##### Source information #####

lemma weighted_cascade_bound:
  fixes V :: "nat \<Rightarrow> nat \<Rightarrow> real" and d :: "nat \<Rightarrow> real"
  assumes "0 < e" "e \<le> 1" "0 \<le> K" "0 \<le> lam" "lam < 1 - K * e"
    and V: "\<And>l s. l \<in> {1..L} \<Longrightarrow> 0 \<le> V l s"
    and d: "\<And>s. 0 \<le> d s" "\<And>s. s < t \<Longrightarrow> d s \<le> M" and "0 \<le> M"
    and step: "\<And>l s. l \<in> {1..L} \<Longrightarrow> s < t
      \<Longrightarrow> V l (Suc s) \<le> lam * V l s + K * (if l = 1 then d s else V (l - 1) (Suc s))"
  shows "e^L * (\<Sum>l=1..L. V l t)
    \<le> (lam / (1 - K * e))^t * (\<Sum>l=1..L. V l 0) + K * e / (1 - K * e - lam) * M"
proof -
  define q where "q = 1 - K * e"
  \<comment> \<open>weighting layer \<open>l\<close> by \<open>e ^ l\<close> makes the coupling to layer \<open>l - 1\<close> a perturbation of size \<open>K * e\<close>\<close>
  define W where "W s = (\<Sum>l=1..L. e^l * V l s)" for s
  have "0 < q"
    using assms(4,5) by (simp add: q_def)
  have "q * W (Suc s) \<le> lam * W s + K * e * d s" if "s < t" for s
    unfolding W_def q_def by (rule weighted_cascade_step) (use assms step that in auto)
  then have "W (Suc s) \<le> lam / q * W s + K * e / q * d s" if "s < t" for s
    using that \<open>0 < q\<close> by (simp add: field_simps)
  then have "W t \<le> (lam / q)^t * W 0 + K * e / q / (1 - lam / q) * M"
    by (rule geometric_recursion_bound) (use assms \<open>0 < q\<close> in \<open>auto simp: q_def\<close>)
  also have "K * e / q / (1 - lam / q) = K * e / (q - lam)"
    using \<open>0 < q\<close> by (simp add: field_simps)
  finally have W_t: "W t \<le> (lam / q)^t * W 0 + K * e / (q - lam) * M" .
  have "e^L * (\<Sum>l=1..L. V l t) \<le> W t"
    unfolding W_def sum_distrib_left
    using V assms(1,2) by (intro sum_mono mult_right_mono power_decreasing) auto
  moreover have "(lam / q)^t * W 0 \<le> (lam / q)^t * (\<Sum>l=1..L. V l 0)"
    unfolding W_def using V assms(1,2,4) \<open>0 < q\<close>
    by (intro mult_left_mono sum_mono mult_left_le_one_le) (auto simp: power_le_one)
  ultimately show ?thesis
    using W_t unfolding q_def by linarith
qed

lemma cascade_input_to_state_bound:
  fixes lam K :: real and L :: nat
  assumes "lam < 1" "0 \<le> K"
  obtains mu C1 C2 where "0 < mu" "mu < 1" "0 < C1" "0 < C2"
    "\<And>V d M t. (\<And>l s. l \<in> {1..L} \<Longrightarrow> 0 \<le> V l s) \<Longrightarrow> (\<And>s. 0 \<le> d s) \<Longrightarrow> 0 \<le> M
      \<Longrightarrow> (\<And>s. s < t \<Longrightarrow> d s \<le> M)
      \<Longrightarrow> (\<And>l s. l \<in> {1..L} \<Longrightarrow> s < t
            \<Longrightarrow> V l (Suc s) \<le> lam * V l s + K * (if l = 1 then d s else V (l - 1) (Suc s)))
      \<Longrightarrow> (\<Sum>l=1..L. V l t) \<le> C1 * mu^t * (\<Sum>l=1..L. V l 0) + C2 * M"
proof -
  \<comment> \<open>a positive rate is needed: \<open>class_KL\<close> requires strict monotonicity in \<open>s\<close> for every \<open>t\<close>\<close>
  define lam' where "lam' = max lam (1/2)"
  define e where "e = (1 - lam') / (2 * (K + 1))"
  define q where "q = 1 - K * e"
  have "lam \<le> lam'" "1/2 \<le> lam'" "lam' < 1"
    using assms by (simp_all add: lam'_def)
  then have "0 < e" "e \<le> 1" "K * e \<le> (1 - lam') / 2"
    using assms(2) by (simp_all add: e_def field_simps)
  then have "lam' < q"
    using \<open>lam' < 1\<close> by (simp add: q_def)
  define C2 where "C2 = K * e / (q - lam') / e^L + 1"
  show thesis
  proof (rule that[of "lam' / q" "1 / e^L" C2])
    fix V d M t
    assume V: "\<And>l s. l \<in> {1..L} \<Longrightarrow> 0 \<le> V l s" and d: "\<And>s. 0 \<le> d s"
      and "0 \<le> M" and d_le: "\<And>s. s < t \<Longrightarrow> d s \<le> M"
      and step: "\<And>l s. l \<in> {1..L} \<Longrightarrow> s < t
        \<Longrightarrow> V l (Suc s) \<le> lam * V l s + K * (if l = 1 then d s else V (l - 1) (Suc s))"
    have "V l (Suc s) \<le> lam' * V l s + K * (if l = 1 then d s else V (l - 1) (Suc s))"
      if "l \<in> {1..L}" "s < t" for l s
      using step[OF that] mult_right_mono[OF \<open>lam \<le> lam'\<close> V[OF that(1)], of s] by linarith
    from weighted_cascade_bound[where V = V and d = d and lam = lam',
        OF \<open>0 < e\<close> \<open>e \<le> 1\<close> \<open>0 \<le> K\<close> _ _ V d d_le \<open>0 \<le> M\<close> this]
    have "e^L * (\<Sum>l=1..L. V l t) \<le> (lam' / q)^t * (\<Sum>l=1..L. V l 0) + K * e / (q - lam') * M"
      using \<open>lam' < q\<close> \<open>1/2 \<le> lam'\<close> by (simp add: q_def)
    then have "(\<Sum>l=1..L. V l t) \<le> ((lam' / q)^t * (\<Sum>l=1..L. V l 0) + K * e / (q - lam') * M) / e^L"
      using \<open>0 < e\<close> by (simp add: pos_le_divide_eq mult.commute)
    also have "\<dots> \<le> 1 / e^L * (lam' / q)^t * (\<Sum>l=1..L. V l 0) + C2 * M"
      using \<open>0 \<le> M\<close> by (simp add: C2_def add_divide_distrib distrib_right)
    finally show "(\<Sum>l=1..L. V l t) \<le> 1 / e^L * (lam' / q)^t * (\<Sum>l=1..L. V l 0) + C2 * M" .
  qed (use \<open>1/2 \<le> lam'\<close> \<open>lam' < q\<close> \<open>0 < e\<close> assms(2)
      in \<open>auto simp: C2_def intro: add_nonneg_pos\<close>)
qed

#####

**Problem to solve:** Count how many lines in the listing contain the string "where". Only that number should be given.

**Worked solution:** 8